WHAT IS BEING ASKED: Using the records below, report how many lines include "finite", and give no more than the number.

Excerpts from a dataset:

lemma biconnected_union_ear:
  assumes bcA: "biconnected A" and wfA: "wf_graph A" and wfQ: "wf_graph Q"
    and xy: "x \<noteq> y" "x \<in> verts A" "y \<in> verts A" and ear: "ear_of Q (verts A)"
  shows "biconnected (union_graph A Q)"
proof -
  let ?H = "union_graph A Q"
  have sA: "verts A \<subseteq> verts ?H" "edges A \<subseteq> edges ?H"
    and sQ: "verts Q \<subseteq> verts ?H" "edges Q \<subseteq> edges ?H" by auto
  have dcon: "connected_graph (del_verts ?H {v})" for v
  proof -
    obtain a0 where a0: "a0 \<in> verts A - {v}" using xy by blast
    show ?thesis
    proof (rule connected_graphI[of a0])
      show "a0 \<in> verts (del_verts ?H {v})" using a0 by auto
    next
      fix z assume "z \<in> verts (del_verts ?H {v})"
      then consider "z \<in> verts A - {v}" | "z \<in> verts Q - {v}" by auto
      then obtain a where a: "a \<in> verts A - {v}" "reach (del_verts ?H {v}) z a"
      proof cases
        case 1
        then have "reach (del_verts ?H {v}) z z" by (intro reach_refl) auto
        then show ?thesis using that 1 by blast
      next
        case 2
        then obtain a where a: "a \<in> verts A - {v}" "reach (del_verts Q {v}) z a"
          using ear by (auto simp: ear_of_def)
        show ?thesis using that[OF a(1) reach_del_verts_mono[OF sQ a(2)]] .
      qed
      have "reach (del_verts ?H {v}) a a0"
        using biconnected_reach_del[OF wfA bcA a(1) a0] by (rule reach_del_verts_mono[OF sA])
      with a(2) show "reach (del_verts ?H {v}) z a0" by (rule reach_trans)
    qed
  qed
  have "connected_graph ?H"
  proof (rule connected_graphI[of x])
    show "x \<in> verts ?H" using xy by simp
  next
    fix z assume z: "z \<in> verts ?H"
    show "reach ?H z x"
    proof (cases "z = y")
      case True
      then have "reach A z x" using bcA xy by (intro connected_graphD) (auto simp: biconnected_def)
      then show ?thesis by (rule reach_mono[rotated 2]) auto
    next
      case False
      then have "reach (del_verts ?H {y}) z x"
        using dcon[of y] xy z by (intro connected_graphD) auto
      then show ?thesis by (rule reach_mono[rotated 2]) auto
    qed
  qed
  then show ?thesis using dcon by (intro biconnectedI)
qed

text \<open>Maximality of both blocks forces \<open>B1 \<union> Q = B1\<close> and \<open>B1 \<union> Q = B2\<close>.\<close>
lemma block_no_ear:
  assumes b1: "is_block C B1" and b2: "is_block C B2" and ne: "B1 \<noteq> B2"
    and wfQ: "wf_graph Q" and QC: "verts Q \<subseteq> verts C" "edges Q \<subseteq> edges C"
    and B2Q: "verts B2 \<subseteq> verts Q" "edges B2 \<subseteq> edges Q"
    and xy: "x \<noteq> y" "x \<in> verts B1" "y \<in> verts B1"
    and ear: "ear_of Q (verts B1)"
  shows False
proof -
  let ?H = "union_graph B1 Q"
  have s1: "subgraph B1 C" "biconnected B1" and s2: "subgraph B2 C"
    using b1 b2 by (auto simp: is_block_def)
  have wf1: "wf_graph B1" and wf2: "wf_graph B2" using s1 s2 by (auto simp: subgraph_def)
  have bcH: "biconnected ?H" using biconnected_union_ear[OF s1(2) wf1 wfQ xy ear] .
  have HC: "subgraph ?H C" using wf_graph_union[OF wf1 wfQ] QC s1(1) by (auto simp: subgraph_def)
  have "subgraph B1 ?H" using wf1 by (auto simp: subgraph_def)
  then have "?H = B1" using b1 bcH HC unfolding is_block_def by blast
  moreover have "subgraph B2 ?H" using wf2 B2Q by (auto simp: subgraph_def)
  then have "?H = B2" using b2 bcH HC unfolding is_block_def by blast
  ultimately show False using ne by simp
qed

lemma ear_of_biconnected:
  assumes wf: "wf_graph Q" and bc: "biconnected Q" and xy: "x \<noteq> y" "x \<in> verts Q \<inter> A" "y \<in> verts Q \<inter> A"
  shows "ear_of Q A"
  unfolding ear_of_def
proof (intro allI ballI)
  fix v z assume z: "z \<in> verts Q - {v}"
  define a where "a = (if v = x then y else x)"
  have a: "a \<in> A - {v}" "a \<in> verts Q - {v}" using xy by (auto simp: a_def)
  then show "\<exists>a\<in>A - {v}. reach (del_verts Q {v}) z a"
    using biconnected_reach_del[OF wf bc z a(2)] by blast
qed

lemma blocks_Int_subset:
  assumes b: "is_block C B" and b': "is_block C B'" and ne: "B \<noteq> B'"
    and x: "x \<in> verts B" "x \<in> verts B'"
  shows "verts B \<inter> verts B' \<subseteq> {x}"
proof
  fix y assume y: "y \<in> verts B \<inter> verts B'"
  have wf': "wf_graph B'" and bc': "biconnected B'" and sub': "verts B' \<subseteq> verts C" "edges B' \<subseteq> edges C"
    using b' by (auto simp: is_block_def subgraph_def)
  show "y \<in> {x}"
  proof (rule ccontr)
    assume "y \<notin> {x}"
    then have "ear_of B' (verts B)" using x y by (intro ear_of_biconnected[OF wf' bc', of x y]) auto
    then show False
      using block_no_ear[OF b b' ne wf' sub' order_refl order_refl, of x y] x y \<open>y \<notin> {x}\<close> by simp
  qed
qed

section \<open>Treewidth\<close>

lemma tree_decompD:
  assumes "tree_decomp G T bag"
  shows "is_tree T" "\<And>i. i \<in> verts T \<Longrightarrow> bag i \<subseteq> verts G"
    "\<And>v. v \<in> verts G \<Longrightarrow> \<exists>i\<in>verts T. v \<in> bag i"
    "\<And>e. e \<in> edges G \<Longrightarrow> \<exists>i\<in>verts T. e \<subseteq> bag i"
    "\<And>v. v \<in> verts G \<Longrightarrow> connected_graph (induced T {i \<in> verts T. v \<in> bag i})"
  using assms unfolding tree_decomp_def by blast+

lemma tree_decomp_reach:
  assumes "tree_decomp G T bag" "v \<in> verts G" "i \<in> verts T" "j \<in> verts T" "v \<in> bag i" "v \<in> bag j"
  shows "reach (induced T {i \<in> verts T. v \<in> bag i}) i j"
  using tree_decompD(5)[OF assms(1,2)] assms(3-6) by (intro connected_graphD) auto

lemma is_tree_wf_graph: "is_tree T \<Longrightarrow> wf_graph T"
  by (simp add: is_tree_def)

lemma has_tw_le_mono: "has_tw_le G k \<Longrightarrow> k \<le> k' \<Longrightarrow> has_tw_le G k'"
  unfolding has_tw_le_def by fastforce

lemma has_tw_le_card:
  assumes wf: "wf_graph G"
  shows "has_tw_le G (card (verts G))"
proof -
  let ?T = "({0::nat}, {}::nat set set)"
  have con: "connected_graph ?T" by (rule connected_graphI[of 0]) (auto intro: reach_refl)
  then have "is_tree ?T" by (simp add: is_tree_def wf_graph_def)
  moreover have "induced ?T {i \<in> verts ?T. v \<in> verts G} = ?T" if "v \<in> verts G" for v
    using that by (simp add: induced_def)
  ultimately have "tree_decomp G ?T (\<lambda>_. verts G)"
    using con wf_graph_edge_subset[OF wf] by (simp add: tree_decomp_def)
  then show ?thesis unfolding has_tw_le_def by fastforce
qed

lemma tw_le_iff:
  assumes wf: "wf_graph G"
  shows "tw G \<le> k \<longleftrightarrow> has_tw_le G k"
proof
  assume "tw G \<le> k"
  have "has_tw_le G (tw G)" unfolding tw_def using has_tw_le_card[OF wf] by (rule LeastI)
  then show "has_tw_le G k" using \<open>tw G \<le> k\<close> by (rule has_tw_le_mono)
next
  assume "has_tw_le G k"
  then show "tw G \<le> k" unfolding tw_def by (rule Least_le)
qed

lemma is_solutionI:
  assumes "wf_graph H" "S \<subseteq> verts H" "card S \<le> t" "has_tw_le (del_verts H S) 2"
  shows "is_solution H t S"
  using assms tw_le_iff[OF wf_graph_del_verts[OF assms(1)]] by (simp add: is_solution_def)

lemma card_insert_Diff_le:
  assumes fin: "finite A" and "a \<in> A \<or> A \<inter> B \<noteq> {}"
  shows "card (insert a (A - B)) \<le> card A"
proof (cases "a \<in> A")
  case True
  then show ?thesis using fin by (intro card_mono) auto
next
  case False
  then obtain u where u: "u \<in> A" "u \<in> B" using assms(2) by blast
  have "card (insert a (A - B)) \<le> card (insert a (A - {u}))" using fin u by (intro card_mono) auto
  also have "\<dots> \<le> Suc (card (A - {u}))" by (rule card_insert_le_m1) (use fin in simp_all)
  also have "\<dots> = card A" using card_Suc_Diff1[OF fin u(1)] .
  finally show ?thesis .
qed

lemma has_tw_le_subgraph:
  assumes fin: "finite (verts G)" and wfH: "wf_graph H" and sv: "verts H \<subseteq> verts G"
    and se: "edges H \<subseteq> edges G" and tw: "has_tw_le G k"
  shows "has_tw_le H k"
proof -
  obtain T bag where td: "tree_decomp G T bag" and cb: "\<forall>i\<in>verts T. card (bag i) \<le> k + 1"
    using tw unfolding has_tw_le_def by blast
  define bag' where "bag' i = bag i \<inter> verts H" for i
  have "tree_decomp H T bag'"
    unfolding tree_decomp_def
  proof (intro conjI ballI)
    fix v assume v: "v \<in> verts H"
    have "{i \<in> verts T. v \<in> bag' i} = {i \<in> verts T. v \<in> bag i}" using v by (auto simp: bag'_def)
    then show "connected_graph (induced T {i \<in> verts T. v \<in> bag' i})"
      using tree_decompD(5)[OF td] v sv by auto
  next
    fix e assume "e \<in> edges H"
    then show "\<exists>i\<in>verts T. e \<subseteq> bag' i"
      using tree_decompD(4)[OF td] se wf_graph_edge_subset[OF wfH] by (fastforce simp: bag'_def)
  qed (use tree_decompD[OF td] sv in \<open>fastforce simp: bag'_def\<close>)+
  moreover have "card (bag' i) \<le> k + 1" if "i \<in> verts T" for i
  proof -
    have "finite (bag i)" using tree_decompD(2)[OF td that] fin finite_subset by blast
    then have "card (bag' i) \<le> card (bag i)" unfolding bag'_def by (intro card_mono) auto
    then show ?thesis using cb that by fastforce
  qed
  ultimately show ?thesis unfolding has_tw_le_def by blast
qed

ANSWER TO THIS TASK: 3